Russ: So, when we spoke about this a few years ago, we said we were going to make a conscious decision to move away from teaching from technology to teaching with technology. So, we had to step back and say, what does it mean to teach with instead of from. So we came up with about five guiding principles.

The first one said that when you use technology, does it give you authentic and varied evaluation? Now, evaluation is of course a big topic unto itself, but it says, the professor looks at what they do and evaluates. We're saying, is it authentic, because you're only evaluation from one person. Can we have the peers do it? Can we have other schools do it? Or can we even have people from other countries do it?

We then said, in addition to that, can we have varied practice and assessment? And I think the only study I've ever read that said, absolutely, positively, we know it works, is TOT or time on task. And time on task is a fancy way of saying the amount of practice you give them. But it's not just the amount of practice, it's how varied the practice is. So, we said that, if you're going to implement technology, can you have more practice, more timely practice, and can it be more effective?

Making learning active is a big buzz phrase. But we said, what does active mean? What do you want the student to do to make it active? So we said it must be: investigate, discover, apply, or solve. So when you implement the technology, does it make it active by doing one of those four things?

This idea about making learning active--once again, I tell my teaching classes every year, at the end of the night, if you're more tired than the students, you're doing something wrong. And that begat student-centered responsibility. It says, can we take what I call the locus of responsibility--who's responsible for learning?--and can we push it back on the student? That's what we say about active learning.

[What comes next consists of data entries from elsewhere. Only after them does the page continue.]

text \<open>Coordinates of E: the values of the form on a finite spanning list, followed by the
  coordinates of the coset in A/U(la).\<close>
lemma fin_dim:
  "\<exists>(N::nat) (F :: ('a \<Rightarrow> 'k) \<times> 'a set \<Rightarrow> nat \<Rightarrow> 'k). inj_on F (gcar E) \<and>
        (\<forall>x\<in>gcar E. \<forall>i\<ge>N. F x i = 0) \<and>
        (\<forall>x\<in>gcar E. \<forall>y\<in>gcar E. F (gadd E x y) = (\<lambda>i. F x i + F y i)) \<and>
        (\<forall>c. \<forall>x\<in>gcar E. F (gact E (scale c 1) x) = (\<lambda>i. c * F x i))"
proof -
  obtain B0 where B0: "finite B0" "span B0 = UNIV" using fin_span by blast
  obtain bs where bs: "set bs = B0" using finite_list[OF B0(1)] by blast
  obtain L :: nat and \<phi> :: "'a \<Rightarrow> nat \<Rightarrow> 'k" where coords: "(\<forall>x y. \<phi> (x + y) = (\<lambda>i. \<phi> x i + \<phi> y i)) \<and>
      (\<forall>c x. \<phi> (scale c x) = (\<lambda>i. c * \<phi> x i)) \<and>
      (\<forall>x. \<phi> x = (\<lambda>_. 0) \<longleftrightarrow> x \<in> U la) \<and> (\<forall>x i. L \<le> i \<longrightarrow> \<phi> x i = (0 :: 'k))"
    using quotient_coordinates[OF U_sub] by blast
  have \<phi>_add: "\<And>x y. \<phi> (x + y) = (\<lambda>i. \<phi> x i + \<phi> y i)"
    and \<phi>_scale: "\<And>c x. \<phi> (scale c x) = (\<lambda>i. c * \<phi> x i)"
    and \<phi>_ker: "\<And>x. \<phi> x = (\<lambda>_. 0) \<longleftrightarrow> x \<in> U la" and \<phi>_fin: "\<And>x i. L \<le> i \<Longrightarrow> \<phi> x i = 0"
    using coords by blast+
  have \<phi>_diff: "\<phi> (x - y) = (\<lambda>i. \<phi> x i - \<phi> y i)" for x y
    using \<phi>_add[of "x - y" y] by (simp add: fun_eq_iff algebra_simps)
  have \<phi>_rep: "\<phi> (rep (cos la x)) = \<phi> x" for x
    using \<phi>_ker[of "rep (cos la x) - x"] cos_rep \<phi>_diff by (simp add: fun_eq_iff)
  define F where "F v i = (if i < length bs then fst v (bs ! i) else \<phi> (rep (snd v)) (i - length bs))"
    for v :: "('a \<Rightarrow> 'k) \<times> 'a set" and i
  have F_cos: "F (f, cos la x) = (\<lambda>i. if i < length bs then f (bs ! i) else \<phi> x (i - length bs))" for f x
    by (simp add: F_def \<phi>_rep fun_eq_iff)
  show ?thesis
  proof (intro exI[of _ "length bs + L"] exI[of _ F] conjI ballI allI impI)
    show "inj_on F (gcar E)"
    proof (rule inj_onI)
      fix v w assume v: "v \<in> gcar E" and w: "w \<in> gcar E" and Fvw: "F v = F w"
      obtain f x where fx: "v = (f, cos la x)" "f \<in> CN" using carE[OF v] by blast
      obtain g y where gy: "w = (g, cos la y)" "g \<in> CN" using carE[OF w] by blast
      have "f (bs ! i) = g (bs ! i)" if "i < length bs" for i
        using fun_cong[OF Fvw, of i] that unfolding fx(1) gy(1) F_cos by simp
      then have "\<forall>b\<in>set bs. f b = g b" by (auto simp: in_set_conv_nth)
      then have "f = g" using CN_eq_on_span[OF fx(2) gy(2) _ B0(2)] bs by simp
      moreover have "cos la x = cos la y"
      proof -
        have "\<phi> x j = \<phi> y j" for j
          using fun_cong[OF Fvw, of "length bs + j"] by (simp add: fx gy F_cos)
        then have "x - y \<in> U la" using \<phi>_ker[of "x - y"] \<phi>_diff by (simp add: fun_eq_iff)
        then show ?thesis using cos_eq by blast
      qed
      ultimately show "v = w" using fx(1) gy(1) by simp
    qed
  next
    fix v i assume "v \<in> gcar E" "length bs + L \<le> i"
    then show "F v i = 0" by (simp add: F_def \<phi>_fin)
  next
    fix v w assume v: "v \<in> gcar E" and w: "w \<in> gcar E"
    obtain f x where fx: "v = (f, cos la x)" using carE[OF v] by blast
    obtain g y where gy: "w = (g, cos la y)" using carE[OF w] by blast
    show "F (gadd E v w) = (\<lambda>i. F v i + F w i)"
      unfolding fx gy by (simp add: E_simps addM_cos F_cos \<phi>_add[of x y] fun_eq_iff)
  next
    fix c v assume v: "v \<in> gcar E"
    obtain f x where fx: "v = (f, cos la x)" "f \<in> CN" "x \<in> P la" using carE[OF v] by blast
    have "gact E (scale c 1) v = ((\<lambda>z. c * f z), cos la (scale c x))"
      unfolding fx gactE_cos[OF fx(3)] using th_0 CN_scale[OF fx(2)]
      by (simp add: hc0_A0[OF scale_Agr[OF one_Agr]] hcn_A0[OF scale_Agr[OF one_Agr]]
          mult_scale_one scale_one_mult)
    then show "F (gact E (scale c 1) v) = (\<lambda>i. c * F v i)"
      unfolding fx by (simp add: F_cos \<phi>_scale[of c x] fun_eq_iff)
  qed
qed

end

context extension_construction
begin

lemma gzero_deg: "gzero E \<in> gdeg E i" using zero_deg by (simp add: E_simps)

lemma is_gmod_E: "is_gmod scale Agr E"
  unfolding is_gmod_def
  by (intro conjI ballI allI gzero_car gadd_car gadd_assoc gadd_comm gadd_zero gadd_inv act_closed
      act_gadd act_plus act_mult act_one deg_sub gzero_deg deg_add deg_scale deg_act decomp fin_dim)

lemma hom_N_E: "gmod_hom N E (\<lambda>f. (f, gzero M))"
  unfolding gmod_hom_def M_simps
proof (intro conjI ballI allI)
  fix g assume "g \<in> gcar N"
  then show "(g, U la) \<in> gcar E" using U_CM by (simp add: E_simps N_simps)
next
  fix g h
  show "(gadd N g h, U la) = gadd E (g, U la) (h, U la)"
    using addM_cos[of 0 0] cos0 by (simp add: E_simps N_simps)
next
  fix a g
  show "(gact N a g, U la) = gact E a (g, U la)"
    using gactE_cos[OF subspace_0[OF P_sub[OF la]], of a g] cos0 th_0 by (simp add: N_simps)
next
  fix i g assume "g \<in> gdeg N i"
  then show "(g, U la) \<in> gdeg E i" using U_CM by (simp add: E_def M_simps)
qed

lemma hom_E_M: "gmod_hom E M snd"
  unfolding gmod_hom_def by (simp add: E_def M_simps)

text \<open>A splitting s would send the top X0 = e_la + U(la) of Delta(la) (degree 0) to (0, X0);
  but y0 X0 = 0 in Delta(la), whereas y0 (0, X0) has first component z \<mapsto> theta(e_mu z_0 y0),
  which is nonzero at z = 1.\<close>
lemma nonsplit: "\<not> (\<exists>s. gmod_hom M E s \<and> (\<forall>x\<in>gcar M. snd (s x) = x))"
proof
  assume "\<exists>s. gmod_hom M E s \<and> (\<forall>x\<in>gcar M. snd (s x) = x)"
  then obtain s where hom: "gmod_hom M E s" and sec: "\<forall>x\<in>gcar M. snd (s x) = x" by blast
  have s_add: "\<forall>x\<in>gcar M. \<forall>y\<in>gcar M. s (gadd M x y) = gadd E (s x) (s y)"
    and s_act: "\<forall>a. \<forall>x\<in>gcar M. s (gact M a x) = gact E a (s x)"
    and s_deg: "\<forall>i. \<forall>x\<in>gdeg M i. s x \<in> gdeg E i"
    using hom unfolding gmod_hom_def by blast+
  define X0 where "X0 = cos la (e la)"
  have X0: "X0 \<in> CM" unfolding X0_def using CM_cosI[OF e_in_P[OF la]] .
  text \<open>s X0 = (0, X0), since s preserves degree 0 and is a section.\<close>
  have "s X0 \<in> gdeg E 0" using s_deg X0 by (simp add: M_simps)
  then have "fst (s X0) = (\<lambda>_. 0)" using n0 by (auto simp: E_simps)
  moreover have "snd (s X0) = X0" using sec X0 by (simp add: M_simps)
  ultimately have sX0: "s X0 = (\<lambda>_. 0, X0)" by (metis prod.collapse)
  have UM: "U la \<in> gcar M" using U_CM by (simp add: M_simps)
  have "gadd M (U la) (U la) = U la" using addM_cos[of 0 0] cos0 by (simp add: M_simps)
  then have "s (U la) = gadd E (s (U la)) (s (U la))" using s_add UM by metis
  then have "fst (s (U la)) 1 = fst (s (U la)) 1 + fst (s (U la)) 1"
    by (metis (no_types, lifting) E_simps(3) fst_conv)
  then have fsU: "fst (s (U la)) 1 = 0" by (metis add_cancel_right_right)
  text \<open>On the other hand y0 X0 = 0 in Delta(la) (y0 has degree n > 0).\<close>
  have hy0: "hc 0 y0 = 0" "hc n y0 = y0" using hcomp_homog[OF y0(1)] n0 by auto
  have "gact M y0 X0 = U la" unfolding M_simps X0_def actM_cos hy0 using cos0 by simp
  then have "s (U la) = gact E y0 (\<lambda>_. 0, cos la (e la))" using s_act X0 sX0 X0_def by (metis M_simps(1))
  also have "\<dots> = (\<lambda>z. \<theta> (e mu * hc 0 z * y0 * e la), cos la (hc 0 y0 * e la))"
    using gactE_cos[OF e_in_P[OF la], of y0 "\<lambda>_. 0"] hy0 by simp
  finally have "fst (s (U la)) 1 = \<theta> (e mu * y0)"
    using hc0_A0[OF one_Agr] y0(2) by (simp add: mult.assoc)
  then show False using fsU th_y0 by simp
qed

theorem ext1_nonzero_Delta_Nabla: "ext1_nonzero scale Agr M N"
  unfolding ext1_nonzero_def
proof (intro exI[of _ E] conjI)
  show "gcar E = gcar N \<times> gcar M" "gzero E = (gzero N, gzero M)"
    by (simp_all add: E_simps M_simps N_simps)
  show "\<forall>x y. gadd E x y = (gadd N (fst x) (fst y), gadd M (snd x) (snd y))"
    "\<forall>i. gdeg E i = gdeg N i \<times> gdeg M i" by (simp_all add: E_def)
qed (rule is_gmod_E hom_N_E hom_E_M nonsplit)+

end

section \<open>Tightness\<close>

lemma (in qh_algebra) not_tight_nonsplit_extension:
  assumes "B \<noteq> UNIV"
  shows "\<exists>n\<ge>2. \<exists>la\<in>\<Lambda>. \<exists>mu\<in>\<Lambda>.
           ext1_nonzero scale Agr (Delta0 scale Agr \<Lambda> R e la) (shift (int n) (Nabla0 scale Agr \<Lambda> R e mu))"
proof -
  obtain n where n2: "2 \<le> n" and low: "\<forall>i<n. Agr i \<subseteq> B" and notn: "\<not> Agr n \<subseteq> B"
    using least_ungenerated_degree[OF assms] by blast
  interpret W: qh_bimodule scale Agr \<Lambda> R e n "B \<inter> Agr n" by (rule generated_part_bimodule)
  obtain la mu y where la: "la \<in> \<Lambda>" and mu: "mu \<in> \<Lambda>" and y: "y \<in> Agr n" "y * e la = y"
    and ny: "e mu * y \<notin> span (B \<inter> Agr n \<union> W.AnU la \<union> W.VAn mu)"
    using W.extension_weights_exist notn by blast
  obtain \<theta> :: "'a \<Rightarrow> 'k" where th: "\<forall>x y. \<theta> (x + y) = \<theta> x + \<theta> y" "\<forall>c x. \<theta> (scale c x) = c * \<theta> x"
      "\<forall>x\<in>span (B \<inter> Agr n \<union> W.AnU la \<union> W.VAn mu). \<theta> x = 0" "\<theta> (e mu * y) = 1"
    using separating_functional[OF subspace_span ny] by blast
  have "extension_construction scale Agr \<Lambda> R e n la mu \<theta> y"
  proof (intro extension_construction.intro qh_algebra_axioms extension_construction_axioms.intro)
    show "2 \<le> n" "la \<in> \<Lambda>" "mu \<in> \<Lambda>" "y \<in> Agr n" "y * e la = y" by (fact n2 la mu y)+
    show "\<theta> (e mu * y) \<noteq> 0" using th(4) by simp
    show "Agr i \<subseteq> B" if "i < n" for i using low that by blast
    show "\<theta> (x + x') = \<theta> x + \<theta> x'" "\<theta> (scale c x) = c * \<theta> x" for x x' c
      using th(1,2) by blast+
    have th0: "\<theta> x = 0" if "x \<in> B \<inter> Agr n \<union> W.AnU la \<union> W.VAn mu" for x
      using th(3) span_base[OF that] by blast
    show "\<theta> x = 0" if "x \<in> B" "x \<in> Agr n" for x
      using th0 that by blast
    show "\<theta> (x * u) = 0" if "x \<in> Agr n" "u \<in> U la" for x u
      by (rule th0) (use that in \<open>auto simp: W.AnU_def\<close>)
    show "\<theta> (v * x) = 0" if "v \<in> V mu" "x \<in> Agr n" for v x
      by (rule th0) (use that in \<open>auto simp: W.VAn_def\<close>)
  qed
  from extension_construction.ext1_nonzero_Delta_Nabla[OF this] show ?thesis using n2 la mu by blast
qed

theorem theorem2p2:
  fixes scale :: "'k::field \<Rightarrow> 'a::ring_1 \<Rightarrow> 'a"
    and Agr :: "nat \<Rightarrow> 'a set"
    and \<Lambda> :: "'l set"
    and R :: "('l \<times> 'l) set"
    and e :: "'l \<Rightarrow> 'a"
  assumes alg_closed: "\<forall>p :: 'k poly. 0 < degree p \<longrightarrow> (\<exists>x. poly p x = 0)"
    and graded: "fd_pos_graded_algebra scale Agr"
    and qh: "quasi_hereditary scale Agr \<Lambda> R e"
    and Q_Koszul_1: "\<forall>la\<in>\<Lambda>. \<forall>\<mu>\<in>\<Lambda>. \<forall>m::int.
        ext1_nonzero scale Agr (Delta0 scale Agr \<Lambda> R e la) (shift m (Nabla0 scale Agr \<Lambda> R e \<mu>))
        \<longrightarrow> m = 1"
  shows "alg_gen scale (Agr 0 \<union> Agr 1) = UNIV"
proof (rule ccontr)
  assume "alg_gen scale (Agr 0 \<union> Agr 1) \<noteq> UNIV"
  interpret qh_algebra scale Agr \<Lambda> R e
    by (intro qh_algebra.intro graded_algebra.intro qh_algebra_axioms.intro graded qh)
  obtain n la mu where "2 \<le> n" "la \<in> \<Lambda>" "mu \<in> \<Lambda>"
    "ext1_nonzero scale Agr (Delta0 scale Agr \<Lambda> R e la) (shift (int n) (Nabla0 scale Agr \<Lambda> R e mu))"
    using not_tight_nonsplit_extension \<open>alg_gen scale (Agr 0 \<union> Agr 1) \<noteq> UNIV\<close> by blast
  then show False using Q_Koszul_1 by fastforce
qed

This is the one where I'm getting, really, the most resistance. So, when I give them the monkey, they give me the monkey back. They want--I paid my money, therefore, I want you to teach me. But we're constantly pushing for them, saying, you learn yourself, help yourself, guide yourself, collaborate, ultimately, since you were a part of this.

And, our last strategy then said, we form collaboration. We think that the social constructivist model is the way to go, especially at the graduate level. So they learn by collaboration. Certainly, there are lectures. Certainly there are discussions, but they're going to learn by collaboration. So, does the technology we implement help us to collaborate?

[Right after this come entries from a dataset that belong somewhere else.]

section \<open>Uniform dimension\<close>

lemma uniform_meets_cyclic:
  assumes U: "uniform sm U" and K: "submodule sm K" "K \<inter> U \<noteq> {0}" and y: "y \<in> U" "y \<noteq> 0"
  obtains r where "sm y r \<noteq> 0" "sm y r \<in> K"
proof -
  let ?C = "{sm y r | r. True}"
  have U_sub: "submodule sm U"
    using U unfolding uniform_def by blast
  have "sm y 1 \<in> ?C"
    by blast
  then have "?C \<noteq> {0}"
    using y(2) by (auto simp: sm_one)
  moreover have "?C \<subseteq> U"
    using U_sub y(1) unfolding submodule_def by blast
  moreover have KU: "submodule sm (K \<inter> U)"
    using submodule_Int[OF K(1) U_sub] .
  ultimately have "?C \<inter> (K \<inter> U) \<noteq> {0}"
    using U submodule_cyclic[of y] K(2) unfolding uniform_def by (meson inf_le2)
  moreover have "0 \<in> ?C \<inter> (K \<inter> U)"
    using submodule_cyclic[of y] KU unfolding submodule_def by blast
  ultimately obtain w where "w \<in> ?C" "w \<in> K" "w \<noteq> 0"
    by blast
  then show ?thesis
    using that by blast
qed

lemma uniform_sm_closed: "uniform sm U \<Longrightarrow> x \<in> U \<Longrightarrow> sm x r \<in> U"
  unfolding uniform_def submodule_def by blast

lemma scalar_into_submodule_at_summand:
  fixes n :: nat
  assumes U: "\<forall>i<n. uniform sm (U i)"
    and indep: "\<forall>x. (\<forall>i<n. x i \<in> U i) \<and> (\<Sum>i<n. x i) = 0 \<longrightarrow> (\<forall>i<n. x i = 0)"
    and K: "submodule sm K" "K \<inter> U j \<noteq> {0}" and j: "j < n"
    and c: "\<forall>i<n. c i \<in> U i" "(\<Sum>i<n. c i) \<noteq> 0"
  shows "\<exists>r. (\<Sum>i<n. sm (c i) r) \<noteq> 0 \<and> sm (c j) r \<in> K"
proof (cases "c j = 0")
  case True
  then show ?thesis
    using c(2) K(1) by (intro exI[of _ 1]) (simp add: sm_one submodule_def)
next
  case False
  then obtain r where r: "sm (c j) r \<noteq> 0" "sm (c j) r \<in> K"
    using uniform_meets_cyclic[OF _ K] U c(1) j by blast
  moreover have "(\<Sum>i<n. sm (c i) r) \<noteq> 0"
  proof
    assume "(\<Sum>i<n. sm (c i) r) = 0"
    then have "sm (c j) r = 0"
      using indep[rule_format, of "\<lambda>i. sm (c i) r"] U c(1) j uniform_sm_closed by blast
    then show False
      using r(1) by simp
  qed
  ultimately show ?thesis
    by blast
qed

lemma scalar_into_submodule_meeting_summands:
  fixes n :: nat
  assumes U: "\<forall>i<n. uniform sm (U i)"
    and indep: "\<forall>x. (\<forall>i<n. x i \<in> U i) \<and> (\<Sum>i<n. x i) = 0 \<longrightarrow> (\<forall>i<n. x i = 0)"
    and K: "submodule sm K" "\<And>i. i < n \<Longrightarrow> K \<inter> U i \<noteq> {0}"
    and c: "\<forall>i<n. c i \<in> U i" "(\<Sum>i<n. c i) \<noteq> 0"
  shows "\<exists>r. (\<Sum>i<n. sm (c i) r) \<noteq> 0 \<and> (\<forall>i<n. sm (c i) r \<in> K)"
proof -
  have "j \<le> n \<Longrightarrow> \<exists>r. (\<Sum>i<n. sm (c i) r) \<noteq> 0 \<and> (\<forall>i<j. sm (c i) r \<in> K)" for j
  proof (induction j)
    case 0
    show ?case
      using c(2) by (intro exI[of _ 1]) (simp add: sm_one)
  next
    case (Suc j)
    then obtain r where r: "(\<Sum>i<n. sm (c i) r) \<noteq> 0" "\<forall>i<j. sm (c i) r \<in> K"
      by auto
    have j: "j < n"
      using Suc.prems by simp
    have "\<forall>i<n. sm (c i) r \<in> U i"
      using U c(1) uniform_sm_closed by blast
    then obtain r' where r': "(\<Sum>i<n. sm (sm (c i) r) r') \<noteq> 0" "sm (sm (c j) r) r' \<in> K"
      using scalar_into_submodule_at_summand[OF U indep K(1) K(2)[OF j] j _ r(1)] by blast
    have "\<forall>i<Suc j. sm (c i) (r * r') \<in> K"
      using r(2) r'(2) K(1) unfolding submodule_def by (auto simp: less_Suc_eq simp flip: sm_mult)
    then show ?case
      using r'(1) by (auto simp: sm_mult)
  qed
  then show ?thesis
    by blast
qed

Brian: And I'll pay you back on that. Especially at the graduate level, but, coming from a high school environment for the past eight years, this is really K-12 now that they're working together. I taught in a block situation, we had 82-minute classes. Our principal said, day one, every year, if you don't have more than five activities in that class, you're doing something wrong. You're not teaching.

Russ: Yeah.

Brian: So, it even goes all the way up from K-12 to undergraduate, to graduate, with collaboration, and getting people to work together.

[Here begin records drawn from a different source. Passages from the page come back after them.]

(* Let $m\ge d>0$, let $A(x)=\sum_{i=0}^d a_ix^i=a_d\prod_{i=1}^d(x-\alpha_i)\in\mathbb{Z}[x]$ be primitive of degree $d$ with $a_0\ne0$, and let $\theta_1,\dots,\theta_m\in\mathbb{R}$ satisfy $\sum_{i=0}^d a_i\theta_{j+i}=0$ for $1\le j\le m-d$, with $\theta_1,\dots,\theta_d$ linearly independent over $\mathbb{Q}$. Then $S_{\theta,m}=\{\pi_m(t\theta_1,\dots,t\theta_m):t\in\mathbb{R}\}$ is $\epsilon$-dense for every \[ \epsilon\ \ge\ \left(|a_d|\prod_{i=1}^d\max\{|\alpha_i|,\,1-|\alpha_i|\}\right)^{-1}. \]
   Context: $\mathbb{T}^m=\mathbb{R}^m/\mathbb{Z}^m$, $\pi_m:\mathbb{R}^m\to\mathbb{T}^m$ is the canonical projection. For $\epsilon>0$ let $C_\epsilon=\pi_m([-\epsilon/2,\epsilon/2]^m)$. A set $S\subseteq\mathbb{T}^m$ is $\epsilon$-dense if $S+C_{\bar\epsilon}=\mathbb{T}^m$ for every $\bar\epsilon>\epsilon$. *)

theory Defs
  imports "HOL-Analysis.Analysis" "HOL-Computational_Algebra.Polynomial"
begin

text \<open>Points of R^m are represented as functions nat => real, of which only the
coordinates 1..m matter.\<close>

definition torus_eq :: "nat \<Rightarrow> (nat \<Rightarrow> real) \<Rightarrow> (nat \<Rightarrow> real) \<Rightarrow> bool" where
  "torus_eq m x y \<longleftrightarrow> (\<forall>j\<in>{1..m}. x j - y j \<in> \<int>)"

definition cube :: "nat \<Rightarrow> real \<Rightarrow> (nat \<Rightarrow> real) set" where
  "cube m eps = {c. \<forall>j\<in>{1..m}. \<bar>c j\<bar> \<le> eps / 2}"

text \<open>A set of points of T^m, given by a set S of representatives in R^m, is eps-dense
iff S + C_eps' = T^m for every eps' > eps, i.e. every point of R^m is congruent
mod Z^m to s + c with s in S and c in the cube.\<close>
definition eps_dense :: "nat \<Rightarrow> (nat \<Rightarrow> real) set \<Rightarrow> real \<Rightarrow> bool" where
  "eps_dense m S eps \<longleftrightarrow>
     (\<forall>eps'>eps. \<forall>x. \<exists>s\<in>S. \<exists>c\<in>cube m eps'. torus_eq m x (\<lambda>j. s j + c j))"

definition S_theta :: "(nat \<Rightarrow> real) \<Rightarrow> (nat \<Rightarrow> real) set" where
  "S_theta \<theta> = {(\<lambda>j. t * \<theta> j) | t. True}"

end

theory Submission
  imports Defs
begin

text \<open>
  Write \<open>d = deg A\<close> and let \<open>S\<close> be the shift on sequences \<open>\<nat> \<Rightarrow> R\<close>; a polynomial \<open>p\<close> acts as
  the difference operator \<open>p(S)\<close>, and the hypothesis on \<open>\<theta>\<close> says \<open>A(S) \<theta> = 0\<close> on rows
  \<open>1..m - d\<close> (\<open>\<theta>\<close> is "recurrent").

  (1) Every \<open>x \<in> \<real>\<^sup>m\<close> is congruent mod \<open>\<int>\<^sup>m\<close> to a recurrent sequence up to an error
  \<open>1/(2B)\<close>, where \<open>1/B\<close> is the bound of the theorem.  Split \<open>A = b \<cdot> Q\<close>, where \<open>Q\<close> collects the
  roots of modulus \<open>< 1/2\<close> and \<open>b\<close> is real; then \<open>B = |b(0)| \<Prod>\<^sub>Q (1 - |\<alpha>\<^sub>i|)\<close>.  Solve
  \<open>b(S) g \<equiv> -A(S) x\<close> mod \<open>\<int>\<close> greedily with \<open>|g| \<le> 1/(2|b(0)|)\<close>, invert \<open>Q(S)\<close> on bounded
  sequences to get \<open>e\<close> with \<open>|e| \<le> 1/(2B)\<close> and \<open>A(S)(x + e)\<close> integral, and subtract an integer
  preimage under \<open>A(S)\<close>, which exists because \<open>A\<close> is primitive.

  (2) Every recurrent \<open>v\<close> is approximated mod \<open>\<int>\<^sup>m\<close> arbitrarily well by \<open>t \<theta>\<close>: after scaling by
  \<open>lead_coeff A ^ m\<close>, all terms are integer combinations of the first \<open>d\<close>, and Kronecker's theorem
  applies to the \<open>\<rat>\<close>-independent \<open>\<theta>\<^sub>1, \<dots>, \<theta>\<^sub>d\<close>.
\<close>

definition poly_shift :: "'a::comm_ring_1 poly \<Rightarrow> (nat \<Rightarrow> 'a) \<Rightarrow> nat \<Rightarrow> 'a" where
  "poly_shift p f j = (\<Sum>i\<le>degree p. coeff p i * f (j + i))"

Russ: This idea about collaboration, we're talking about, for example, the discussion board. We have a lot of discussions, but a lot of times, it becomes what I call a barfly conversation. Ain't it awful? I've done this. I want to have a discussion, but I want to be informed. I want the technology to say, where do I get information from? Then we'll have discussion, but only after that happens.

The question then becomes, if we decide upon it how then do we teach it of course to the faculty? How do we get them on board?

How do we get the knowledge inside their brains? The issue became what I would call, working on the work of Everett Rogers, how do you get them to adopt the new technology? And so those of you familiar with the management of change know about the work of Everett Rogers, and he said, you got to get the adoption rate up. Because we don't have forever to get them to use the technology or whatever, we'll run out of time.

So, we then decide to use six things that are kind of expounded upon by Rogers, when we go through the training session, one of the first issues we come up with is relative advantage.

So were explaining a technology, we say, here's what you're doing now, here's what you want to move on to possibly. And then decide, why is it better than what we did before?

If the technology advantage is this big, they're not going to do it. It's not worth their time. There's got to be and you've got to teach them the relative advantage to the way we were doing it before. And we'll talk about iTunes in just a few minutes, and we'll say why is it better than Blackboard? And we'll talk about that.

It's got to be compatible with what they currently use, if it's too radically different, it's not that it won't work, they may not adopt it as quickly. It's got to be simple. Everybody here is obviously somewhat technological savvy, and so when we see a new technology we like it, we use it even if we think it doesn't work because we like it. What I like to say is that sometimes we work with, if you'll forgive the phrase, Luddites, which is what I was at one time. They've got to see that it's not that hard to learn. The other day we showed some teachers Movie, they said, this is easy, even I can do it.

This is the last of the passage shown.